PROBLEM TO WORK ON
For the listing below, report all lines that hold the word "inter".

SUPPLIED RECORDS
***

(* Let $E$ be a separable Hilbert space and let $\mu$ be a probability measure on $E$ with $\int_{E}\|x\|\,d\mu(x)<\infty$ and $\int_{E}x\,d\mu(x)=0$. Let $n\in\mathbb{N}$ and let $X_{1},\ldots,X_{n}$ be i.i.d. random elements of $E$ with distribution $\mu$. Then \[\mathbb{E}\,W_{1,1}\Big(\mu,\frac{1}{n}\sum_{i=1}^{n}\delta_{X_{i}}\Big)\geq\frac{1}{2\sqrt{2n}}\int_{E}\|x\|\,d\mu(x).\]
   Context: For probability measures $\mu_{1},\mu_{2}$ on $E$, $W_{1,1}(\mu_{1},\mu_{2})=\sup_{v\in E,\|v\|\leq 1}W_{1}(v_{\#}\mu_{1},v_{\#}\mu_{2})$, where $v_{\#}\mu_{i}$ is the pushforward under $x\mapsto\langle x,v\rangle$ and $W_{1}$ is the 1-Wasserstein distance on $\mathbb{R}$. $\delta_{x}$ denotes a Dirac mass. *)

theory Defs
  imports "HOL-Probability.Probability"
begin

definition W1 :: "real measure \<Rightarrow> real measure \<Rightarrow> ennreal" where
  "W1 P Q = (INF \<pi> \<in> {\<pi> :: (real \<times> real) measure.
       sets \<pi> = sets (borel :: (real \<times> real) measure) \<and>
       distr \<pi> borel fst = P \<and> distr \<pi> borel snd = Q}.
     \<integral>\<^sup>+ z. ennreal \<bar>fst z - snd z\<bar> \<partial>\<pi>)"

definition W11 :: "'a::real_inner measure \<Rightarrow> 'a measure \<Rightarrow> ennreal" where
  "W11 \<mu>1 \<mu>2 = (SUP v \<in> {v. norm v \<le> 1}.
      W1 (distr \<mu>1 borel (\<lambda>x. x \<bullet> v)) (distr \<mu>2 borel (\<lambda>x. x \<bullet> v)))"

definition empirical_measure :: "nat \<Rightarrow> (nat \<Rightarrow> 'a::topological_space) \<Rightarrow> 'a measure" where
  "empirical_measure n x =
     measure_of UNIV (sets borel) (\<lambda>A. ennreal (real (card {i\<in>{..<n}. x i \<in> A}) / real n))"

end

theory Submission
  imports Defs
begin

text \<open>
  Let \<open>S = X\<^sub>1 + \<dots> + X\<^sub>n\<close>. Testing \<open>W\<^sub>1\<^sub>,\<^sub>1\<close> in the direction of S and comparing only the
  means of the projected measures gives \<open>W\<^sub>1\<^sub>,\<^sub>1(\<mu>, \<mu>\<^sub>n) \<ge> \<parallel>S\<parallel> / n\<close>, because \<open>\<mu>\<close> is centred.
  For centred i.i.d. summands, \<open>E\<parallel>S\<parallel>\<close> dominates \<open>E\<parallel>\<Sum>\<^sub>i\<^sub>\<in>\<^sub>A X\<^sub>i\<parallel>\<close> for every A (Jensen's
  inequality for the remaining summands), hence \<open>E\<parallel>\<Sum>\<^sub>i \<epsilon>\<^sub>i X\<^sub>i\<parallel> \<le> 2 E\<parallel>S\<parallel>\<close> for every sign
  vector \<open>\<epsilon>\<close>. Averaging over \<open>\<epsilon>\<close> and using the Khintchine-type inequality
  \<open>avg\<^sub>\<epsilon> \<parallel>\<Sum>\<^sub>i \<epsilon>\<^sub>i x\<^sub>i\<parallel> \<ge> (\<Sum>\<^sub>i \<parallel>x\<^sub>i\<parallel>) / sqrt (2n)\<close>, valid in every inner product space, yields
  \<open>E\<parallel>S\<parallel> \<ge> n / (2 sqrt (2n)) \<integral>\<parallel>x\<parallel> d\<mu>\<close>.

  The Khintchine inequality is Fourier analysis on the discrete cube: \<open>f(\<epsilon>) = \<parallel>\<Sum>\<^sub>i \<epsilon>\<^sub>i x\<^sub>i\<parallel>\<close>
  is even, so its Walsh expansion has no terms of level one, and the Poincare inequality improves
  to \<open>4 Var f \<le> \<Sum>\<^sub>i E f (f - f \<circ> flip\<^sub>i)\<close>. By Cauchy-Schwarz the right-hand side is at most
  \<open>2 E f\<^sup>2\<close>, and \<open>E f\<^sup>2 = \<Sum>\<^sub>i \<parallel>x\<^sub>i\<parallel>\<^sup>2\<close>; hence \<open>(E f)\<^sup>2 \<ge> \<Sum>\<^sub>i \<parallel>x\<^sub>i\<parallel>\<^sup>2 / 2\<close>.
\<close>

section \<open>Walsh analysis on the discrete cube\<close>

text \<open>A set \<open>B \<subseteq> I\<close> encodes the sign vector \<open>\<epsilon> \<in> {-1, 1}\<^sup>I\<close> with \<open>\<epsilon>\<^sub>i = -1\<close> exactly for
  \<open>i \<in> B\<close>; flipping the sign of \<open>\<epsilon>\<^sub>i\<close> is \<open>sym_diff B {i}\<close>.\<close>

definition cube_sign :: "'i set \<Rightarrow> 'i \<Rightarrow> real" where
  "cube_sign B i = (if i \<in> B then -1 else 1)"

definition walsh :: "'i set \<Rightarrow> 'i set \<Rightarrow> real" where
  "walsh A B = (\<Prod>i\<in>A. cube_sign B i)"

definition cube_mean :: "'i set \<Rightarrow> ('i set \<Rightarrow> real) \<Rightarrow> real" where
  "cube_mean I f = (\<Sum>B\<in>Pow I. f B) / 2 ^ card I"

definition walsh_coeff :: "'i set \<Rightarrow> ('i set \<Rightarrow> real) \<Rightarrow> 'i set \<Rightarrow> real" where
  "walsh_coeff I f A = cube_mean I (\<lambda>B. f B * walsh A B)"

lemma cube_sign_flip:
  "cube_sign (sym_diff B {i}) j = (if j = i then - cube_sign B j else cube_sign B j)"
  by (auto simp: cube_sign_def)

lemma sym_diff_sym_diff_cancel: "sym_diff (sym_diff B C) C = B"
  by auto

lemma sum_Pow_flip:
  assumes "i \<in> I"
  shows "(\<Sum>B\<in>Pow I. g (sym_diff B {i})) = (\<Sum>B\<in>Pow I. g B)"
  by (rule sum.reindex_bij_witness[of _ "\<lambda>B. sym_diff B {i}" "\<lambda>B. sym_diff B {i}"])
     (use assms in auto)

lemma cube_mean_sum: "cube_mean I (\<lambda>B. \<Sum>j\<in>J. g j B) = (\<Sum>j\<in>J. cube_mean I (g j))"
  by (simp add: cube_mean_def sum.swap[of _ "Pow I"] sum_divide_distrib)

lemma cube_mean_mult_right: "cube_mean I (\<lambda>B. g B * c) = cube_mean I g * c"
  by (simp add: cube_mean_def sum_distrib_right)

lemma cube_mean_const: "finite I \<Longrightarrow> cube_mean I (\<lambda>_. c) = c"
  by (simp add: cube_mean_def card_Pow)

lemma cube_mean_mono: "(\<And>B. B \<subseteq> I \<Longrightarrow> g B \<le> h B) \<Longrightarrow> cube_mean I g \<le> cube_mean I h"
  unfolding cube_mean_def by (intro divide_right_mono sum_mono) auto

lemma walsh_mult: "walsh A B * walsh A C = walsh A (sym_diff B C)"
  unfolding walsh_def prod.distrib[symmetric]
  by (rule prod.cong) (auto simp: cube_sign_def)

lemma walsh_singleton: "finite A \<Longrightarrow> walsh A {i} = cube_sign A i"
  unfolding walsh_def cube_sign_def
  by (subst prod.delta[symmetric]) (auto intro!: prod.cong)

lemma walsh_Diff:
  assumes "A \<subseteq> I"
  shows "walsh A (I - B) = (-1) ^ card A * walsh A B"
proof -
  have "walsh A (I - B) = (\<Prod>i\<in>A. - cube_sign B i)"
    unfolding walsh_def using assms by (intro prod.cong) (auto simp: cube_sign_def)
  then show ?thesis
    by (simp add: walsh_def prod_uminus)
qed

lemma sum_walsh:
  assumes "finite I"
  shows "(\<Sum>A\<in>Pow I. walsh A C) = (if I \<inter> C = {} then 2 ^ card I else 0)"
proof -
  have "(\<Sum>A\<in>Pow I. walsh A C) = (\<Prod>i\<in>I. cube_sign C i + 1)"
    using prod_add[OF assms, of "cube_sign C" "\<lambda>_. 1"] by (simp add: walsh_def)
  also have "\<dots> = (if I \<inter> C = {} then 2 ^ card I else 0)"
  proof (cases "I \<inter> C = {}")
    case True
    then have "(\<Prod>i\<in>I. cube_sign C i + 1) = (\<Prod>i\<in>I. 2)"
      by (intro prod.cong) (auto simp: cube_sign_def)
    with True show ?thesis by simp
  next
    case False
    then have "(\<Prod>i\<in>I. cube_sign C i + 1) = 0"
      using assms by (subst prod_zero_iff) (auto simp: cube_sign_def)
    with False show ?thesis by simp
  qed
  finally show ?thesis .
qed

***

ANSWER TO THIS TASK
  shows "(\<Sum>A\<in>Pow I. walsh A C) = (if I \<inter> C = {} then 2 ^ card I else 0)"
  also have "\<dots> = (if I \<inter> C = {} then 2 ^ card I else 0)"
  proof (cases "I \<inter> C = {}")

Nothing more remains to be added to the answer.